Brand Extraction: Prompt Engineering at Scale
Toledano’s second example was brand detection in AI Overviews. The problem: 33% of search queries now show AI Overviews. That’s 100+ million AIO paragraphs to process. At roughly 1,000 tokens per AIO, that’s 100 billion tokens just to extract brands—prohibitively expensive.
They started with the strongest LLM, which performed excellently. It correctly identified that “Pink Lady” was the only brand in a list of apple varieties—the others were just varieties, not brands. Hard to break.
Then they tested cheaper models with the same prompt. The problem: the “smart student” LLM gave more than asked—brands plus models, when they only wanted brands.
The solution was iterative prompt optimization. They used Gemini to improve prompts for the cheaper model: “Improve this prompt for this model to achieve these results. Here’s what it failed on. Here’s what I want.” Repeat until accuracy matches, then evaluate cost. If still too expensive, downgrade further and repeat.
Key tactics for prompt engineering with cheaper models: be more specific (which costs more tokens, so there’s a balance), use few-shot examples (“isolate parent brand—if product contains ‘Adobe Acrobat,’ extract only ‘Adobe'”), and specify exact output format to prevent the model from adding unwanted information.
The result: they achieved acceptable accuracy using a model 12x cheaper than the original.
Clickstream as Compass
Toledano closed with clickstream data, which he called “your best view to what’s happening in reality.” At both micro and macro levels, clickstream reveals which AI models are actually being adopted (regardless of what headlines say), how interaction modalities are changing (uploads, file attachments), and where conversions actually happen.

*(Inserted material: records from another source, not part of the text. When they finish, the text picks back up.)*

lemma perfect_shuffle_in_shuffles_appendD:
  assumes "perfect_shuffle z z \<in> shuffles (q @ z) y"
  shows "set q \<subseteq> {hd z}"
  using assms
proof (induction z arbitrary: q y)
  case Nil
  then show ?case by simp
next
  case (Cons a z)
  obtain m x2 y2 where x: "(q @ [a]) @ z = replicate m a @ x2"
    and rest: "perfect_shuffle z z \<in> shuffles x2 y2"
    using Cons.prems by (auto elim: Cons_Cons_in_shufflesE)
  obtain us where "q @ [a] = replicate m a @ us \<and> us @ z = x2 \<or> (q @ [a]) @ us = replicate m a"
    using append_eq_append_conv2[THEN iffD1, OF x] by blast
  then show "set q \<subseteq> {hd (a # z)}"
  proof
    assume "q @ [a] = replicate m a @ us \<and> us @ z = x2"
    then have us: "q @ [a] = replicate m a @ us" and x2: "x2 = us @ z" by simp_all
    have "set q \<subseteq> {a} \<union> set us"
      using arg_cong[OF us, of set] by auto
    moreover have "set us \<subseteq> {a}"
    proof (cases "us = []")
      case False
      then have "a = last us"
        using arg_cong[OF us, of last] by simp
      then have "a \<in> set us" using False by simp
      moreover have "set us \<subseteq> {hd z}"
        using Cons.IH[of us y2] rest x2 by simp
      ultimately show ?thesis by blast
    qed simp
    ultimately show ?thesis by auto
  next
    assume "(q @ [a]) @ us = replicate m a"
    then have "set ((q @ [a]) @ us) \<subseteq> {a}"
      by (simp add: set_replicate_conv_if)
    then show ?thesis by auto
  qed
qed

The challenge is representation. An ideal panel would perfectly represent the population—multiply by 10 and you’d have ground truth. Reality is messier: some interests are over-represented, others under-represented.
SimilarWeb addresses this with weighted contribution by topic, following users along their entire path. The principles of triangulation and validation apply here too—no single data source tells the whole story.
My Takeaways
Toledano’s talk was the most infrastructure-focused of the conference. While most speakers addressed what to do, he addressed how the tools we rely on actually work—and what principles should guide building our own.
What I’m taking away:
1. Triangulate everything. No single data source is trustworthy alone. Validate across multiple sources, including real user behavior.
2. Before using LLMs, ask if you need them. Test feasibility with the best model first. If it can’t solve the problem, LLM might not be the answer. If it can, you have a truth baseline—but you probably can’t afford it at scale.
3. Distill to the optimization points. Think like an engineer: what are the exact places that need optimization? Often you can use embeddings and simple classifiers instead of full language models.
4. Cheaper models need better prompts. There’s a relationship between model quality and prompt specificity. Weaker models need more explicit instructions—which costs tokens. Find the balance.
5. Iterate prompt optimization systematically. Use strong LLMs to improve prompts for weaker LLMs. Test, evaluate, adjust, repeat until cost and accuracy align.
6. Clickstream reveals adoption reality. Headlines say one thing; user behavior says another. Clickstream data shows which AI tools people actually use and how.
This talk was a reminder that behind every metric in our SEO tools, there’s engineering decisions about cost, accuracy, and validation. Understanding those trade-offs makes us better consumers of the data—and better builders when we create our own systems.